----- Record extracts

lemma norm_inv_stereo_diff_sq:
  "(norm (inv_stereo z - inv_stereo w))\<^sup>2 = 4 * (cmod (z - w))\<^sup>2 / ((1 + (cmod z)\<^sup>2) * (1 + (cmod w)\<^sup>2))"
proof -
  define u v u' v' where "u = Re z" "v = Im z" "u' = Re w" "v' = Im w"
  define q q' where "q = u\<^sup>2 + v\<^sup>2" "q' = u'\<^sup>2 + v'\<^sup>2"
  have "q \<ge> 0" "q' \<ge> 0"
    by (simp_all add: q_q'_def)
  then have nonzero: "1 + q \<noteq> 0" "1 + q' \<noteq> 0" "q + 1 \<noteq> 0" "q' + 1 \<noteq> 0"
    by auto
  have "(norm (inv_stereo z - inv_stereo w))\<^sup>2 =
      (2 * u / (1 + q) - 2 * u' / (1 + q'))\<^sup>2 + (2 * v / (1 + q) - 2 * v' / (1 + q'))\<^sup>2 +
      ((q - 1) / (q + 1) - (q' - 1) / (q' + 1))\<^sup>2"
    by (simp add: norm_sq_vec3 inv_stereo_nth cmod_power2 u_v_u'_v'_def q_q'_def)
  also have "\<dots> = (4 * (u * (1 + q') - u' * (1 + q))\<^sup>2 + 4 * (v * (1 + q') - v' * (1 + q))\<^sup>2 +
      (2 * q - 2 * q')\<^sup>2) / ((1 + q) * (1 + q'))\<^sup>2"
  proof -
    have differences:
      "2 * u / (1 + q) - 2 * u' / (1 + q') = 2 * (u * (1 + q') - u' * (1 + q)) / ((1 + q) * (1 + q'))"
      "2 * v / (1 + q) - 2 * v' / (1 + q') = 2 * (v * (1 + q') - v' * (1 + q)) / ((1 + q) * (1 + q'))"
      "(q - 1) / (q + 1) - (q' - 1) / (q' + 1) = (2 * q - 2 * q') / ((1 + q) * (1 + q'))"
      using nonzero by (simp_all add: field_simps)
    show ?thesis
      unfolding differences
      by (simp add: power_divide power_mult_distrib add_divide_distrib; simp add: power2_eq_square algebra_simps)
  qed
  also have "4 * (u * (1 + q') - u' * (1 + q))\<^sup>2 + 4 * (v * (1 + q') - v' * (1 + q))\<^sup>2 + (2 * q - 2 * q')\<^sup>2 =
      4 * ((u - u')\<^sup>2 + (v - v')\<^sup>2) * ((1 + q) * (1 + q'))"
    unfolding q_q'_def by (simp add: power2_eq_square algebra_simps)
  also have "\<dots> / ((1 + q) * (1 + q'))\<^sup>2 = 4 * ((u - u')\<^sup>2 + (v - v')\<^sup>2) / ((1 + q) * (1 + q'))"
    using nonzero by (simp add: power2_eq_square)
  finally show ?thesis
    by (simp add: cmod_power2 u_v_u'_v'_def q_q'_def)
qed

lemma ln_norm_inv_stereo_diff:
  assumes "z \<noteq> w"
  shows "ln (norm (inv_stereo z - inv_stereo w)) =
    ln 2 + ln (cmod (z - w)) - ln (1 + (cmod z)\<^sup>2) / 2 - ln (1 + (cmod w)\<^sup>2) / 2"
proof -
  have pos: "cmod (z - w) > 0" "1 + (cmod z)\<^sup>2 > 0" "1 + (cmod w)\<^sup>2 > 0"
    using assms by (auto intro: add_pos_nonneg)
  have "norm (inv_stereo z - inv_stereo w) > 0"
    using assms by (metis stereo_inv_stereo zero_less_norm_iff right_minus_eq)
  then have "2 * ln (norm (inv_stereo z - inv_stereo w)) = ln ((norm (inv_stereo z - inv_stereo w))\<^sup>2)"
    by (simp add: ln_realpow)
  also have "\<dots> = ln 4 + 2 * ln (cmod (z - w)) - ln (1 + (cmod z)\<^sup>2) - ln (1 + (cmod w)\<^sup>2)"
    using pos by (simp add: norm_inv_stereo_diff_sq ln_div ln_mult ln_realpow)
  also have "ln (4::real) = 2 * ln 2"
    using ln_realpow[of 2 2] by simp
  finally show ?thesis
    by simp
qed

lemma log_energy_inv_stereo_image:
  fixes R :: "complex set"
  assumes R: "finite R"
  shows "log_energy (inv_stereo ` R) = - (\<Sum>z\<in>R. \<Sum>w\<in>R-{z}. ln (norm (inv_stereo z - inv_stereo w)))"
proof -
  define h where "h = (\<lambda>(z, w). (inv_stereo z, inv_stereo w))"
  have set: "{(x,y). x \<in> inv_stereo ` R \<and> y \<in> inv_stereo ` R \<and> x \<noteq> y} = h ` (Sigma R (\<lambda>z. R - {z}))"
  proof (intro equalityI subsetI)
    fix p assume "p \<in> {(x,y). x \<in> inv_stereo ` R \<and> y \<in> inv_stereo ` R \<and> x \<noteq> y}"
    then obtain z w where zw: "z \<in> R" "w \<in> R" "p = (inv_stereo z, inv_stereo w)" "inv_stereo z \<noteq> inv_stereo w" by auto
    then have "z \<noteq> w" by auto
    then show "p \<in> h ` (Sigma R (\<lambda>z. R - {z}))" using zw unfolding h_def by force
  next
    fix p assume "p \<in> h ` (Sigma R (\<lambda>z. R - {z}))"
    then obtain z w where zw: "z \<in> R" "w \<in> R" "z \<noteq> w" "p = (inv_stereo z, inv_stereo w)" unfolding h_def by auto
    then have "inv_stereo z \<noteq> inv_stereo w" using inj_inv_stereo by (auto dest: injD)
    then show "p \<in> {(x,y). x \<in> inv_stereo ` R \<and> y \<in> inv_stereo ` R \<and> x \<noteq> y}" using zw by auto
  qed
  have inj: "inj_on h (Sigma R (\<lambda>z. R - {z}))"
    using inj_inv_stereo unfolding inj_on_def h_def by (auto dest: injD)
  have "log_energy (inv_stereo ` R) = - (\<Sum>(x,y)\<in>h ` (Sigma R (\<lambda>z. R - {z})). ln (norm (x - y)))"
    unfolding log_energy_def set ..
  also have "(\<Sum>(x,y)\<in>h ` (Sigma R (\<lambda>z. R - {z})). ln (norm (x - y))) =
      (\<Sum>(z,w)\<in>Sigma R (\<lambda>z. R - {z}). ln (norm (inv_stereo z - inv_stereo w)))"
    by (subst sum.reindex[OF inj]) (simp add: h_def case_prod_beta' comp_def)
  also have "\<dots> = (\<Sum>z\<in>R. \<Sum>w\<in>R-{z}. ln (norm (inv_stereo z - inv_stereo w)))"
    using R by (subst sum.Sigma) auto
  finally show ?thesis .
qed

lemma bw_norm_ge_1:
  assumes "lead_coeff P = 1"
  shows "bw_norm P \<ge> 1"
proof -
  have "(1::real) = (cmod (coeff P (degree P)))\<^sup>2 / real (degree P choose degree P)"
    using assms by simp
  also have "\<dots> \<le> (\<Sum>i\<le>degree P. (cmod (coeff P i))\<^sup>2 / real (degree P choose i))"
    by (rule member_le_sum) auto
  finally show ?thesis
    unfolding bw_norm_def by (simp add: real_le_rsqrt)
qed

lemma monic_simple_roots_eq_prod:
  fixes P :: "complex poly"
  assumes "lead_coeff P = 1" and "\<And>z. poly P z = 0 \<Longrightarrow> poly (pderiv P) z \<noteq> 0"
  shows "P = (\<Prod>z | poly P z = 0. [:-z, 1:])"
  using complex_poly_decompose_rsquarefree[of P] assms by (simp add: rsquarefree_roots)

lemma poly_pderiv_prod_linear_factors:
  fixes R :: "'a::idom set"
  assumes "finite R" "z \<in> R"
  shows "poly (pderiv (\<Prod>w\<in>R. [:-w, 1:])) z = (\<Prod>w\<in>R - {z}. z - w)"
proof -
  have "poly (pderiv (\<Prod>w\<in>R. [:-w, 1:])) z = (\<Sum>a\<in>R. \<Prod>w\<in>R - {a}. z - w)"
    by (simp add: pderiv_prod poly_sum poly_prod pderiv_pCons)
  also have "\<dots> = (\<Prod>w\<in>R - {z}. z - w) + (\<Sum>a\<in>R - {z}. \<Prod>w\<in>R - {a}. z - w)"
    using assms by (simp add: sum.remove)
  also have "(\<Sum>a\<in>R - {z}. \<Prod>w\<in>R - {a}. z - w) = 0"
    using assms by (intro sum.neutral ballI prod_zero) auto
  finally show ?thesis
    by simp
qed

lemma sum_ln_norm_diff_eq_ln_pderiv:
  fixes R :: "complex set"
  assumes "finite R" "z \<in> R"
  shows "(\<Sum>w\<in>R - {z}. ln (cmod (z - w))) = ln (cmod (poly (pderiv (\<Prod>w\<in>R. [:-w, 1:])) z))"
proof -
  have "(\<Sum>w\<in>R - {z}. ln (cmod (z - w))) = ln (\<Prod>w\<in>R - {z}. cmod (z - w))"
    using assms(1) by (subst ln_prod) auto
  then show ?thesis
    using assms by (simp add: poly_pderiv_prod_linear_factors prod_norm)
qed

----------

All that is wanted is an exact copy of the lines above from the one with "h (Sigma R (\<lambda>z." through the one with "using assms by (simp add: sum.remove)", with both ends included.

  have inj: "inj_on h (Sigma R (\<lambda>z. R - {z}))"
    using inj_inv_stereo unfolding inj_on_def h_def by (auto dest: injD)
  have "log_energy (inv_stereo ` R) = - (\<Sum>(x,y)\<in>h ` (Sigma R (\<lambda>z. R - {z})). ln (norm (x - y)))"
    unfolding log_energy_def set ..
  also have "(\<Sum>(x,y)\<in>h ` (Sigma R (\<lambda>z. R - {z})). ln (norm (x - y))) =
      (\<Sum>(z,w)\<in>Sigma R (\<lambda>z. R - {z}). ln (norm (inv_stereo z - inv_stereo w)))"
    by (subst sum.reindex[OF inj]) (simp add: h_def case_prod_beta' comp_def)
  also have "\<dots> = (\<Sum>z\<in>R. \<Sum>w\<in>R-{z}. ln (norm (inv_stereo z - inv_stereo w)))"
    using R by (subst sum.Sigma) auto
  finally show ?thesis .
qed

lemma bw_norm_ge_1:
  assumes "lead_coeff P = 1"
  shows "bw_norm P \<ge> 1"
proof -
  have "(1::real) = (cmod (coeff P (degree P)))\<^sup>2 / real (degree P choose degree P)"
    using assms by simp
  also have "\<dots> \<le> (\<Sum>i\<le>degree P. (cmod (coeff P i))\<^sup>2 / real (degree P choose i))"
    by (rule member_le_sum) auto
  finally show ?thesis
    unfolding bw_norm_def by (simp add: real_le_rsqrt)
qed

lemma monic_simple_roots_eq_prod:
  fixes P :: "complex poly"
  assumes "lead_coeff P = 1" and "\<And>z. poly P z = 0 \<Longrightarrow> poly (pderiv P) z \<noteq> 0"
  shows "P = (\<Prod>z | poly P z = 0. [:-z, 1:])"
  using complex_poly_decompose_rsquarefree[of P] assms by (simp add: rsquarefree_roots)

lemma poly_pderiv_prod_linear_factors:
  fixes R :: "'a::idom set"
  assumes "finite R" "z \<in> R"
  shows "poly (pderiv (\<Prod>w\<in>R. [:-w, 1:])) z = (\<Prod>w\<in>R - {z}. z - w)"
proof -
  have "poly (pderiv (\<Prod>w\<in>R. [:-w, 1:])) z = (\<Sum>a\<in>R. \<Prod>w\<in>R - {a}. z - w)"
    by (simp add: pderiv_prod poly_sum poly_prod pderiv_pCons)
  also have "\<dots> = (\<Prod>w\<in>R - {z}. z - w) + (\<Sum>a\<in>R - {z}. \<Prod>w\<in>R - {a}. z - w)"
    using assms by (simp add: sum.remove)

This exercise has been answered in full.